§ **Your goal**: Copy every entry precisely.

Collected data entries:
lemma L3_time_mollify_inner_grad_cutoff_le:
  fixes \<Omega> :: "(real^3) set" and w :: "real^3 \<Rightarrow> real \<Rightarrow> real^3"
    and \<nu> \<nu>' :: "real^3 \<Rightarrow> real^3" and \<theta> :: "real \<Rightarrow> real"
  assumes \<Omega>: "open \<Omega>" and \<phi>: "mollifier \<phi>" and l: "0 < l" "4 * l < h" and \<alpha>: "0 \<le> \<alpha>"
    and w [measurable]: "(\<lambda>p. w (fst p) (snd p)) \<in> borel_measurable (lborel \<Otimes>\<^sub>M lborel)"
    and \<nu> [measurable]: "\<nu> \<in> borel_measurable borel"
    and \<nu>_grad: "\<And>x. x \<in> layer \<Omega> h \<Longrightarrow> GDERIV (dist_bd \<Omega>) x :> - \<nu> x"
    and \<nu>_bound: "\<And>x. x \<in> layer \<Omega> h \<Longrightarrow> norm (\<nu> x) \<le> M" and M: "0 \<le> M"
    and \<nu>': "\<And>x. x \<in> layer \<Omega> h \<Longrightarrow> \<nu>' x = \<nu> x"
    and X: "L3_time T (\<lambda>t. SUP e\<in>{0<..}. L3_norm (layer \<Omega> e) (\<lambda>x. w x t \<bullet> \<nu>' x) / ennreal (e powr \<alpha>))
              = ennreal X" "0 \<le> X"
    and \<theta>: "\<And>s. \<theta> differentiable at s" "\<And>s. \<bar>deriv \<theta> s\<bar> \<le> c / l"
  shows "L3_time T (\<lambda>t. L3_norm (layer \<Omega> h - layer \<Omega> (h - l))
            (\<lambda>x. mollify \<phi> l w x t \<bullet> grad (\<lambda>y. \<theta> (dist_bd \<Omega> y)) x))
         \<le> ennreal (2 * c * (M + X)) * ennreal (1 / l) *
            (ennreal (l powr \<alpha>) * L3_time T (\<lambda>t. besov_norm \<alpha> (inner_part \<Omega> (h / 2)) (\<lambda>x. w x t))
             + ennreal (h powr \<alpha>))"
proof -
  define A where "A = layer \<Omega> h - layer \<Omega> (h - l)"
  define I where "I t = L3_norm A (\<lambda>x. w x t \<bullet> \<nu> x) ^ 3" for t
  define J where "J t = (\<integral>\<^sup>+x\<in>A. mollifier_oscillation \<phi> l (\<lambda>x. w x t) x \<partial>lborel)" for t
  have "0 \<le> c / l"
    using \<theta>(2)[of 0] by (meson abs_ge_zero order_trans)
  then have c: "0 \<le> c"
    using l(1) by (simp add: zero_le_divide_iff)
  have A_sets [measurable]: "A \<in> sets borel" "A \<in> sets lborel"
    unfolding A_def using open_layer[OF \<Omega>] by auto
  have [measurable]: "cball (0::real^3) l \<in> sets borel"
    by simp
  have A_mem: "x \<in> \<Omega>" "h - l \<le> dist_bd \<Omega> x" "x \<in> layer \<Omega> h" if "x \<in> A" for x
    using that by (auto simp: A_def layer_def)
  have [measurable (raw)]: "f \<in> N \<rightarrow>\<^sub>M borel \<Longrightarrow> g \<in> N \<rightarrow>\<^sub>M borel \<Longrightarrow> (\<lambda>z. w (f z) (g z)) \<in> borel_measurable N"
    for f :: "'z \<Rightarrow> real^3" and g :: "'z \<Rightarrow> real" and N
    using measurable_compose[OF measurable_Pair[of f N lborel g lborel] w]
    by (simp add: measurable_lborel1)
  note mollifier_scaled_measurable[OF \<phi>, measurable]
  have shift: "x - y \<in> inner_part \<Omega> (h / 2)" if "x \<in> A" "norm y \<le> l" for x y
    using shift_mem_inner_part[OF \<Omega> A_mem(1,2)[OF that(1)] that(2)] l by simp
  have "L3_time T (\<lambda>t. L3_norm A (\<lambda>x. mollify \<phi> l w x t \<bullet> grad (\<lambda>y. \<theta> (dist_bd \<Omega> y)) x)) ^ 3
      \<le> 8 * ennreal (c / l) ^ 3 * ((ennreal (h powr \<alpha>) * ennreal X) ^ 3 + ennreal M ^ 3 *
           (ennreal (l powr \<alpha>) * L3_time T (\<lambda>t. besov_norm \<alpha> (inner_part \<Omega> (h / 2)) (\<lambda>x. w x t))) ^ 3)"
    unfolding X(1)[symmetric]
  proof (rule L3_time_cube_le_split[where I=I and J=J])
    show "I \<in> borel_measurable borel"
      unfolding I_def[abs_def] L3_norm_cube by measurable
    show "J \<in> borel_measurable borel"
      unfolding J_def[abs_def] mollifier_oscillation_def by measurable
    show "L3_norm A (\<lambda>x. mollify \<phi> l w x t \<bullet> grad (\<lambda>y. \<theta> (dist_bd \<Omega> y)) x) ^ 3
        \<le> 8 * ennreal (c / l) ^ 3 * (I t + ennreal M ^ 3 * J t)" for t
      unfolding A_def I_def J_def
      by (rule L3_norm_mollify_inner_grad_cutoff_cube_le[OF \<Omega> \<phi> l(1) _ \<nu> \<nu>_grad \<nu>_bound M \<theta>]) measurable
    show "I t \<le> (ennreal (h powr \<alpha>)
        * (SUP e\<in>{0<..}. L3_norm (layer \<Omega> e) (\<lambda>x. w x t \<bullet> \<nu>' x) / ennreal (e powr \<alpha>))) ^ 3" for t
    proof -
      have "I t \<le> L3_norm (layer \<Omega> h) (\<lambda>x. w x t \<bullet> \<nu>' x) ^ 3"
        unfolding I_def L3_norm_cube using A_mem \<nu>' by (intro nn_integral_mono) (auto simp: indicator_def)
      also have "\<dots> \<le> (ennreal (h powr \<alpha>)
          * (SUP e\<in>{0<..}. L3_norm (layer \<Omega> e) (\<lambda>x. w x t \<bullet> \<nu>' x) / ennreal (e powr \<alpha>))) ^ 3"
        using l by (intro power_mono_ennreal le_powr_mult_SUP_divide) simp
      finally show ?thesis .
    qed
    show "J t \<le> (ennreal (l powr \<alpha>) * besov_norm \<alpha> (inner_part \<Omega> (h / 2)) (\<lambda>x. w x t)) ^ 3" for t
      unfolding J_def using shift shift[of _ 0] l(1) A_sets
      by (intro set_nn_integral_mollifier_oscillation_le[OF \<phi> l(1) \<alpha>]) auto
  qed simp_all
  then show ?thesis
    unfolding A_def using c l(1) M X(2) by (rule power3_le_sum_cubes_imp_le)
qed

§ **Expected answer**:
lemma L3_time_mollify_inner_grad_cutoff_le:
  fixes \<Omega> :: "(real^3) set" and w :: "real^3 \<Rightarrow> real \<Rightarrow> real^3"
    and \<nu> \<nu>' :: "real^3 \<Rightarrow> real^3" and \<theta> :: "real \<Rightarrow> real"
  assumes \<Omega>: "open \<Omega>" and \<phi>: "mollifier \<phi>" and l: "0 < l" "4 * l < h" and \<alpha>: "0 \<le> \<alpha>"
    and w [measurable]: "(\<lambda>p. w (fst p) (snd p)) \<in> borel_measurable (lborel \<Otimes>\<^sub>M lborel)"
    and \<nu> [measurable]: "\<nu> \<in> borel_measurable borel"
    and \<nu>_grad: "\<And>x. x \<in> layer \<Omega> h \<Longrightarrow> GDERIV (dist_bd \<Omega>) x :> - \<nu> x"
    and \<nu>_bound: "\<And>x. x \<in> layer \<Omega> h \<Longrightarrow> norm (\<nu> x) \<le> M" and M: "0 \<le> M"
    and \<nu>': "\<And>x. x \<in> layer \<Omega> h \<Longrightarrow> \<nu>' x = \<nu> x"
    and X: "L3_time T (\<lambda>t. SUP e\<in>{0<..}. L3_norm (layer \<Omega> e) (\<lambda>x. w x t \<bullet> \<nu>' x) / ennreal (e powr \<alpha>))
              = ennreal X" "0 \<le> X"
    and \<theta>: "\<And>s. \<theta> differentiable at s" "\<And>s. \<bar>deriv \<theta> s\<bar> \<le> c / l"
  shows "L3_time T (\<lambda>t. L3_norm (layer \<Omega> h - layer \<Omega> (h - l))
            (\<lambda>x. mollify \<phi> l w x t \<bullet> grad (\<lambda>y. \<theta> (dist_bd \<Omega> y)) x))
         \<le> ennreal (2 * c * (M + X)) * ennreal (1 / l) *
            (ennreal (l powr \<alpha>) * L3_time T (\<lambda>t. besov_norm \<alpha> (inner_part \<Omega> (h / 2)) (\<lambda>x. w x t))
             + ennreal (h powr \<alpha>))"
proof -
  define A where "A = layer \<Omega> h - layer \<Omega> (h - l)"
  define I where "I t = L3_norm A (\<lambda>x. w x t \<bullet> \<nu> x) ^ 3" for t
  define J where "J t = (\<integral>\<^sup>+x\<in>A. mollifier_oscillation \<phi> l (\<lambda>x. w x t) x \<partial>lborel)" for t
  have "0 \<le> c / l"
    using \<theta>(2)[of 0] by (meson abs_ge_zero order_trans)
  then have c: "0 \<le> c"
    using l(1) by (simp add: zero_le_divide_iff)
  have A_sets [measurable]: "A \<in> sets borel" "A \<in> sets lborel"
    unfolding A_def using open_layer[OF \<Omega>] by auto
  have [measurable]: "cball (0::real^3) l \<in> sets borel"
    by simp
  have A_mem: "x \<in> \<Omega>" "h - l \<le> dist_bd \<Omega> x" "x \<in> layer \<Omega> h" if "x \<in> A" for x
    using that by (auto simp: A_def layer_def)
  have [measurable (raw)]: "f \<in> N \<rightarrow>\<^sub>M borel \<Longrightarrow> g \<in> N \<rightarrow>\<^sub>M borel \<Longrightarrow> (\<lambda>z. w (f z) (g z)) \<in> borel_measurable N"
    for f :: "'z \<Rightarrow> real^3" and g :: "'z \<Rightarrow> real" and N
    using measurable_compose[OF measurable_Pair[of f N lborel g lborel] w]
    by (simp add: measurable_lborel1)
  note mollifier_scaled_measurable[OF \<phi>, measurable]
  have shift: "x - y \<in> inner_part \<Omega> (h / 2)" if "x \<in> A" "norm y \<le> l" for x y
    using shift_mem_inner_part[OF \<Omega> A_mem(1,2)[OF that(1)] that(2)] l by simp
  have "L3_time T (\<lambda>t. L3_norm A (\<lambda>x. mollify \<phi> l w x t \<bullet> grad (\<lambda>y. \<theta> (dist_bd \<Omega> y)) x)) ^ 3
      \<le> 8 * ennreal (c / l) ^ 3 * ((ennreal (h powr \<alpha>) * ennreal X) ^ 3 + ennreal M ^ 3 *
           (ennreal (l powr \<alpha>) * L3_time T (\<lambda>t. besov_norm \<alpha> (inner_part \<Omega> (h / 2)) (\<lambda>x. w x t))) ^ 3)"
    unfolding X(1)[symmetric]
  proof (rule L3_time_cube_le_split[where I=I and J=J])
    show "I \<in> borel_measurable borel"
      unfolding I_def[abs_def] L3_norm_cube by measurable
    show "J \<in> borel_measurable borel"
      unfolding J_def[abs_def] mollifier_oscillation_def by measurable
    show "L3_norm A (\<lambda>x. mollify \<phi> l w x t \<bullet> grad (\<lambda>y. \<theta> (dist_bd \<Omega> y)) x) ^ 3
        \<le> 8 * ennreal (c / l) ^ 3 * (I t + ennreal M ^ 3 * J t)" for t
      unfolding A_def I_def J_def
      by (rule L3_norm_mollify_inner_grad_cutoff_cube_le[OF \<Omega> \<phi> l(1) _ \<nu> \<nu>_grad \<nu>_bound M \<theta>]) measurable
    show "I t \<le> (ennreal (h powr \<alpha>)
        * (SUP e\<in>{0<..}. L3_norm (layer \<Omega> e) (\<lambda>x. w x t \<bullet> \<nu>' x) / ennreal (e powr \<alpha>))) ^ 3" for t
    proof -
      have "I t \<le> L3_norm (layer \<Omega> h) (\<lambda>x. w x t \<bullet> \<nu>' x) ^ 3"
        unfolding I_def L3_norm_cube using A_mem \<nu>' by (intro nn_integral_mono) (auto simp: indicator_def)
      also have "\<dots> \<le> (ennreal (h powr \<alpha>)
          * (SUP e\<in>{0<..}. L3_norm (layer \<Omega> e) (\<lambda>x. w x t \<bullet> \<nu>' x) / ennreal (e powr \<alpha>))) ^ 3"
        using l by (intro power_mono_ennreal le_powr_mult_SUP_divide) simp
      finally show ?thesis .
    qed
    show "J t \<le> (ennreal (l powr \<alpha>) * besov_norm \<alpha> (inner_part \<Omega> (h / 2)) (\<lambda>x. w x t)) ^ 3" for t
      unfolding J_def using shift shift[of _ 0] l(1) A_sets
      by (intro set_nn_integral_mollifier_oscillation_le[OF \<phi> l(1) \<alpha>]) auto
  qed simp_all
  then show ?thesis
    unfolding A_def using c l(1) M X(2) by (rule power3_le_sum_cubes_imp_le)
qed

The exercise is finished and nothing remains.